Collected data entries
definition param_init :: "('s, 'a) finmem_param \<Rightarrow> nat \<Rightarrow> real"
  where "param_init \<theta> m = \<theta> (Inl (Inl m))"

definition param_act :: "('s, 'a) finmem_param \<Rightarrow> 's \<Rightarrow> nat \<Rightarrow> 'a \<Rightarrow> real"
  where "param_act \<theta> s m a = \<theta> (Inl (Inr (s, m, a)))"

definition param_upd :: "('s, 'a) finmem_param \<Rightarrow> nat \<Rightarrow> 's \<Rightarrow> 'a \<Rightarrow> 's \<Rightarrow> nat \<Rightarrow> real"
  where "param_upd \<theta> m s a s' m' = \<theta> (Inr (m, s, a, s', m'))"

definition finmem_params :: "('s::finite \<Rightarrow> 'a::finite \<Rightarrow> 's \<Rightarrow> real) \<Rightarrow> nat \<Rightarrow> ('s, 'a) finmem_param set"
  where "finmem_params P n = {\<theta>. (\<forall>j. 0 \<le> \<theta> j \<and> \<theta> j \<le> 1) \<and>
    (\<forall>m. n \<le> m \<longrightarrow> param_init \<theta> m = 0) \<and> (\<Sum>m<n. param_init \<theta> m) = 1 \<and>
    (\<forall>s m. (\<Sum>a\<in>UNIV. param_act \<theta> s m a) = 1) \<and> (\<forall>s m a. a \<notin> En P s \<longrightarrow> param_act \<theta> s m a = 0) \<and>
    (\<forall>m s a s'. (\<Sum>m'<n. param_upd \<theta> m s a s' m') = 1) \<and>
    (\<forall>m s a s' m'. n \<le> m' \<longrightarrow> param_upd \<theta> m s a s' m' = 0)}"

definition finmem_strat :: "('s, 'a) finmem_param \<Rightarrow> ('s, 'a) strat"
  where "finmem_strat \<theta> = \<lparr>init_mem = embed_pmf (param_init \<theta>), act_rule = (\<lambda>s m. embed_pmf (param_act \<theta> s m)),
    upd_rule = (\<lambda>m s a s'. embed_pmf (param_upd \<theta> m s a s'))\<rparr>"

fun finmem_alive_mass ::
  "('s::finite \<Rightarrow> 'a::finite \<Rightarrow> 's \<Rightarrow> real) \<Rightarrow> 's \<Rightarrow> 's set \<Rightarrow> nat \<Rightarrow> ('s, 'a) finmem_param \<Rightarrow> nat \<Rightarrow> 's \<Rightarrow> nat \<Rightarrow> real"
  where
    "finmem_alive_mass P \<iota> Ti n \<theta> 0 s m = (if s = \<iota> \<and> \<iota> \<notin> Ti then param_init \<theta> m else 0)"
  | "finmem_alive_mass P \<iota> Ti n \<theta> (Suc t) s' m' = (if s' \<in> Ti then 0 else
      \<Sum>s\<in>UNIV. \<Sum>m<n. \<Sum>a\<in>UNIV. finmem_alive_mass P \<iota> Ti n \<theta> t s m * param_act \<theta> s m a * P s a s' *
        param_upd \<theta> m s a s' m')"

definition finmem_survival ::
  "('s::finite \<Rightarrow> 'a::finite \<Rightarrow> 's \<Rightarrow> real) \<Rightarrow> 's \<Rightarrow> 's set \<Rightarrow> nat \<Rightarrow> ('s, 'a) finmem_param \<Rightarrow> nat \<Rightarrow> real"
  where "finmem_survival P \<iota> Ti n \<theta> t = (\<Sum>s\<in>UNIV. \<Sum>m<n. finmem_alive_mass P \<iota> Ti n \<theta> t s m)"

lemma pmf_finmem_strat:
  fixes P :: "'s::finite \<Rightarrow> 'a::finite \<Rightarrow> 's \<Rightarrow> real"
  assumes "\<theta> \<in> finmem_params P n"
  shows "pmf (init_mem (finmem_strat \<theta>)) = param_init \<theta>"
    and "set_pmf (init_mem (finmem_strat \<theta>)) \<subseteq> {..<n}"
    and "pmf (act_rule (finmem_strat \<theta>) s m) = param_act \<theta> s m"
    and "set_pmf (act_rule (finmem_strat \<theta>) s m) \<subseteq> En P s"
    and "pmf (upd_rule (finmem_strat \<theta>) m s a s') = param_upd \<theta> m s a s'"
    and "set_pmf (upd_rule (finmem_strat \<theta>) m s a s') \<subseteq> {..<n}"
proof -
  have nonneg: "0 \<le> param_init \<theta> x" "0 \<le> param_act \<theta> s m b" "0 \<le> param_upd \<theta> m s a s' x" for x b
    using assms by (auto simp: finmem_params_def param_init_def param_act_def param_upd_def)
  note init = pmf_embed_pmf_finite_support[of "{..<n}" "param_init \<theta>"]
  note act = pmf_embed_pmf_finite_support[of UNIV "param_act \<theta> s m"]
  note upd = pmf_embed_pmf_finite_support[of "{..<n}" "param_upd \<theta> m s a s'"]
  show "pmf (init_mem (finmem_strat \<theta>)) = param_init \<theta>"
    and "set_pmf (init_mem (finmem_strat \<theta>)) \<subseteq> {..<n}"
    using init nonneg assms by (auto simp: finmem_strat_def finmem_params_def not_less)
  show "pmf (act_rule (finmem_strat \<theta>) s m) = param_act \<theta> s m"
    and "set_pmf (act_rule (finmem_strat \<theta>) s m) \<subseteq> En P s"
    using act nonneg assms by (auto simp: finmem_strat_def finmem_params_def) meson
  show "pmf (upd_rule (finmem_strat \<theta>) m s a s') = param_upd \<theta> m s a s'"
    and "set_pmf (upd_rule (finmem_strat \<theta>) m s a s') \<subseteq> {..<n}"
    using upd nonneg assms by (auto simp: finmem_strat_def finmem_params_def) (meson not_less)
qed

lemma valid_finmem_strat:
  fixes P :: "'s::finite \<Rightarrow> 'a::finite \<Rightarrow> 's \<Rightarrow> real"
  assumes "\<theta> \<in> finmem_params P n"
  shows "valid_strat P {..<n} (finmem_strat \<theta>)"
  using pmf_finmem_strat[OF assms] unfolding valid_strat_def by auto

lemma pmf_agent_step_finmem_strat:
  fixes P :: "'s::finite \<Rightarrow> 'a::finite \<Rightarrow> 's \<Rightarrow> real"
  assumes mdp: "is_MDP P" and \<theta>: "\<theta> \<in> finmem_params P n"
  shows "pmf (agent_step P (finmem_strat \<theta>) (s, m)) (s', m') =
    (\<Sum>a\<in>UNIV. param_act \<theta> s m a * P s a s' * param_upd \<theta> m s a s' m')"
  unfolding pmf_agent_step pmf_finmem_strat[OF \<theta>]
proof (rule sum.cong)
  fix a
  show "param_act \<theta> s m a * pmf (trans_pmf P s a) s' * param_upd \<theta> m s a s' m' =
      param_act \<theta> s m a * P s a s' * param_upd \<theta> m s a s' m'"
  proof (cases "a \<in> En P s")
    case False
    then have "param_act \<theta> s m a = 0"
      using \<theta> unfolding finmem_params_def by auto
    then show ?thesis by simp
  qed (simp add: pmf_trans_pmf[OF mdp])
qed simp

lemma pmf_agent_run_finmem_strat:
  fixes P :: "'s::finite \<Rightarrow> 'a::finite \<Rightarrow> 's \<Rightarrow> real"
  assumes mdp: "is_MDP P" and \<theta>: "\<theta> \<in> finmem_params P n"
  shows "pmf (agent_run P (finmem_strat \<theta>) \<iota> Ti t) (s, m, True) = finmem_alive_mass P \<iota> Ti n \<theta> t s m"
proof (induction t arbitrary: s m)
  case 0
  have "(\<lambda>m'. (\<iota>, m', \<iota> \<notin> Ti)) -` {(s, m, True)} = (if s = \<iota> \<and> \<iota> \<notin> Ti then {m} else {})"
    by auto
  then show ?case
    by (simp add: pmf_map measure_pmf_single pmf_finmem_strat[OF \<theta>])
next
  case (Suc t)
  let ?Y = "agent_run P (finmem_strat \<theta>) \<iota> Ti t"
  have "pmf (agent_run P (finmem_strat \<theta>) \<iota> Ti (Suc t)) (s, m, True) = measure_pmf.expectation ?Y
      (\<lambda>x. if snd (snd x) \<and> s \<notin> Ti then pmf (agent_step P (finmem_strat \<theta>) (fst x, fst (snd x))) (s, m) else 0)"
    by (rule pmf_agent_run_Suc_alive)
  also have "\<dots> = (\<Sum>x\<in>UNIV \<times> {..<n} \<times> UNIV. (if snd (snd x) \<and> s \<notin> Ti
      then pmf (agent_step P (finmem_strat \<theta>) (fst x, fst (snd x))) (s, m) else 0) * pmf ?Y x)"
  proof (rule integral_measure_pmf_real)
    fix x
    assume "x \<in> set_pmf ?Y"
    then have "fst (snd x) \<in> {..<n}"
      using mem_agent_run[OF valid_finmem_strat[OF \<theta>]] by blast
    then show "x \<in> UNIV \<times> {..<n} \<times> UNIV"
      by (cases x) auto
  qed simp
  also have "\<dots> = (\<Sum>s0\<in>UNIV. \<Sum>m0<n. \<Sum>b\<in>UNIV. (if b \<and> s \<notin> Ti
      then pmf (agent_step P (finmem_strat \<theta>) (s0, m0)) (s, m) else 0) * pmf ?Y (s0, m0, b))"
    by (simp add: sum.cartesian_product split_def)
  also have "\<dots> = (if s \<in> Ti then 0 else \<Sum>s0\<in>UNIV. \<Sum>m0<n.
      pmf (agent_step P (finmem_strat \<theta>) (s0, m0)) (s, m) * finmem_alive_mass P \<iota> Ti n \<theta> t s0 m0)"
    by (simp add: UNIV_bool Suc)
  also have "\<dots> = finmem_alive_mass P \<iota> Ti n \<theta> (Suc t) s m"
    by (simp add: pmf_agent_step_finmem_strat[OF mdp \<theta>] sum_distrib_left sum_distrib_right mult_ac)
  finally show ?case .
qed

* [ACTIVITY] What is needed is a word-for-word restatement of every line from the one with "by (cases x) auto" to the end of the entries above.

* [WRITTEN RESPONSE]
      by (cases x) auto
  qed simp
  also have "\<dots> = (\<Sum>s0\<in>UNIV. \<Sum>m0<n. \<Sum>b\<in>UNIV. (if b \<and> s \<notin> Ti
      then pmf (agent_step P (finmem_strat \<theta>) (s0, m0)) (s, m) else 0) * pmf ?Y (s0, m0, b))"
    by (simp add: sum.cartesian_product split_def)
  also have "\<dots> = (if s \<in> Ti then 0 else \<Sum>s0\<in>UNIV. \<Sum>m0<n.
      pmf (agent_step P (finmem_strat \<theta>) (s0, m0)) (s, m) * finmem_alive_mass P \<iota> Ti n \<theta> t s0 m0)"
    by (simp add: UNIV_bool Suc)
  also have "\<dots> = finmem_alive_mass P \<iota> Ti n \<theta> (Suc t) s m"
    by (simp add: pmf_agent_step_finmem_strat[OF mdp \<theta>] sum_distrib_left sum_distrib_right mult_ac)
  finally show ?case .
qed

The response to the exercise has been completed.